Beginning with the Russell and Monett party, in 1907, several others have essayed to duplicate Powell's achievement, and successfully, too, though without adding to our scientific knowledge of the cañon. The trips are exceedingly dangerous, for the rapids conceal rocks that would wreck any boat, and the currents are treacherous. It is safer, by far, to sit at home and read Powell's story.
The average traveler spends too short a time at the cañon. He arrives in the morning and leaves in the evening. Those wise ones, who go about things in more leisurely fashion, stay from three days to a week.
There are certain things that everybody does. Simply by looking through the big telescope at the "lookout," an intimate view may be had of the far-off north rim and of the river gorge five miles below in an air line. It is easier than actually going to those places, though both are accessible. The north rim, or Kaibab Plateau, is about a quarter of a mile higher than the south rim, where you are standing, and is thickly forested with giant pines. Clear streams are found here, and wild game in abundance. Mountain-lions hide in the rocks, and bobcats haunt the trees. It is the home of the bear, too; you may see two "sassy" young sample specimens outside the house where the Indians stay, opposite El Tovar Hotel. The way across the cañon to the north side is not an easy one, as the Colorado must be crossed in a steel cage suspended from a cable, which stretches dizzily from bank to bank. Then follows the stiff climb up Bright Angel Creek, along a trail seldom used.
The Hopi House, where the Indians give their dances every evening for free entertainment of guests, is another attraction. It is occupied by representatives of the Snake Dance Hopis, whose home is many miles northeast across the Painted Desert. You won't see the Snake Dance, of course, but you will witness ceremonies just as interesting, participated in by men, women and children of the Hopi and Navajo tribes. The little tots, especially, are very "cute." They execute difficult steps in perfect time and with the utmost solemnity, while the drummer beats the tom-tom, and the singer chants his weird songs.
Here you may see Navajo silversmiths at work, fashioning curious ornaments from Mexican coins and turquoise, also deft weavers of blankets and baskets.
The Havasupai Reservation, in Cataract Cañon, is about sixty miles away, and Indians from that hidden place of the blue waterfalls are frequent visitors around the railway station.
All of these Indians understand the language of Uncle Sam. Many of them are Carlisle or Riverside graduates, and one young Hopi is writing a history of his tribe in university English.
Have you ever ridden a mule?

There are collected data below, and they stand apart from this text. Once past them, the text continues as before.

(* Let $\mathfrak{C}$ be a class of languages closed under inverse gsm-mappings and intersection with regular languages (for example, the context-free or the deterministic context-free languages). Let $S$ be a semigroup, $I,\Lambda$ index sets and $P=(p_{\lambda i})$ a $\Lambda\times I$ matrix over $S$, and suppose the Rees matrix semigroup $\mathcal{M}[S;I,\Lambda;P]$ is finitely generated. Then $\mathcal{M}[S;I,\Lambda;P]$ is $U(\mathfrak{C})$ if and only if $S$ is $U(\mathfrak{C})$.
   Context: For a semigroup $S$ generated by a finite set $A$, $\mathrm{WP}(S,A)=\{u\#v^{\mathrm{rev}} : u,v\in A^+,\ u=_S v\}$, where $\#\notin A$ and $v^{\mathrm{rev}}$ is the reversal of $v$. For a class of languages $\mathfrak{C}$, a semigroup is $U(\mathfrak{C})$ if it is finitely generated and its word problem with respect to some (equivalently any) finite generating set lies in $\mathfrak{C}$. The Rees matrix semigroup $\mathcal{M}[S;I,\Lambda;P]$ is the set $I\times S\times\Lambda$ with multiplication $(i,x,\lambda)(j,y,\mu)=(i,xp_{\lambda j}y,\mu)$. *)

theory Defs
  imports Main
begin

definition is_semigroup :: "'a set \<Rightarrow> ('a \<Rightarrow> 'a \<Rightarrow> 'a) \<Rightarrow> bool" where
  "is_semigroup S m \<longleftrightarrow>
     (\<forall>x\<in>S. \<forall>y\<in>S. m x y \<in> S) \<and>
     (\<forall>x\<in>S. \<forall>y\<in>S. \<forall>z\<in>S. m (m x y) z = m x (m y z))"

inductive_set gen_by :: "('a \<Rightarrow> 'a \<Rightarrow> 'a) \<Rightarrow> 'a set \<Rightarrow> 'a set"
  for m :: "'a \<Rightarrow> 'a \<Rightarrow> 'a" and A :: "'a set" where
  gen_base: "a \<in> A \<Longrightarrow> a \<in> gen_by m A"
| gen_mult: "x \<in> gen_by m A \<Longrightarrow> y \<in> gen_by m A \<Longrightarrow> m x y \<in> gen_by m A"

definition finitely_generated :: "'a set \<Rightarrow> ('a \<Rightarrow> 'a \<Rightarrow> 'a) \<Rightarrow> bool" where
  "finitely_generated S m \<longleftrightarrow> (\<exists>A. finite A \<and> A \<subseteq> S \<and> gen_by m A = S)"

definition rees_mult :: "('a \<Rightarrow> 'a \<Rightarrow> 'a) \<Rightarrow> ('l \<Rightarrow> 'i \<Rightarrow> 'a)
    \<Rightarrow> 'i \<times> 'a \<times> 'l \<Rightarrow> 'i \<times> 'a \<times> 'l \<Rightarrow> 'i \<times> 'a \<times> 'l" where
  "rees_mult m P = (\<lambda>(i, x, l) (j, y, mu). (i, m (m x (P l j)) y, mu))"

definition rees_carrier :: "'a set \<Rightarrow> 'i set \<Rightarrow> 'l set \<Rightarrow> ('i \<times> 'a \<times> 'l) set" where
  "rees_carrier S I L = I \<times> S \<times> L"

text \<open>Symbols are natural numbers; a finite alphabet is a finite set of naturals.
  A finite generating set A is encoded by a finite alphabet Sg and an
  injective labelling f : Sg -> S with image A.\<close>

fun word_eval :: "('a \<Rightarrow> 'a \<Rightarrow> 'a) \<Rightarrow> (nat \<Rightarrow> 'a) \<Rightarrow> nat list \<Rightarrow> 'a" where
  "word_eval m f [] = undefined"
| "word_eval m f [a] = f a"
| "word_eval m f (a # b # w) = m (f a) (word_eval m f (b # w))"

If not, you will learn how at the cañon, for only on muleback can travelers easily make the trip down and up the trail. Walking is all right going down, but the climb coming back will tire out the strongest hiker: hence the mule, or burro, long as to ears, long as to memory, and "sad as to his songs."
Of the visitors, fat and lean, tall and short, old and young, to each is assigned a mule of the right size and disposition, together with a khaki riding-suit, which fits more or less, all surmounted by hats that are useful rather than ornamental. It is a motley crowd that starts off in the morning, in charge of careful guides, from the roof of the world—a motley crowd, but gay and suspiciously cheerful. It is likewise a motley crowd that slowly climbs up out of the earth toward evening—but subdued and inclined still to cling to the patient mule.
"What did you see?" asked curious friends.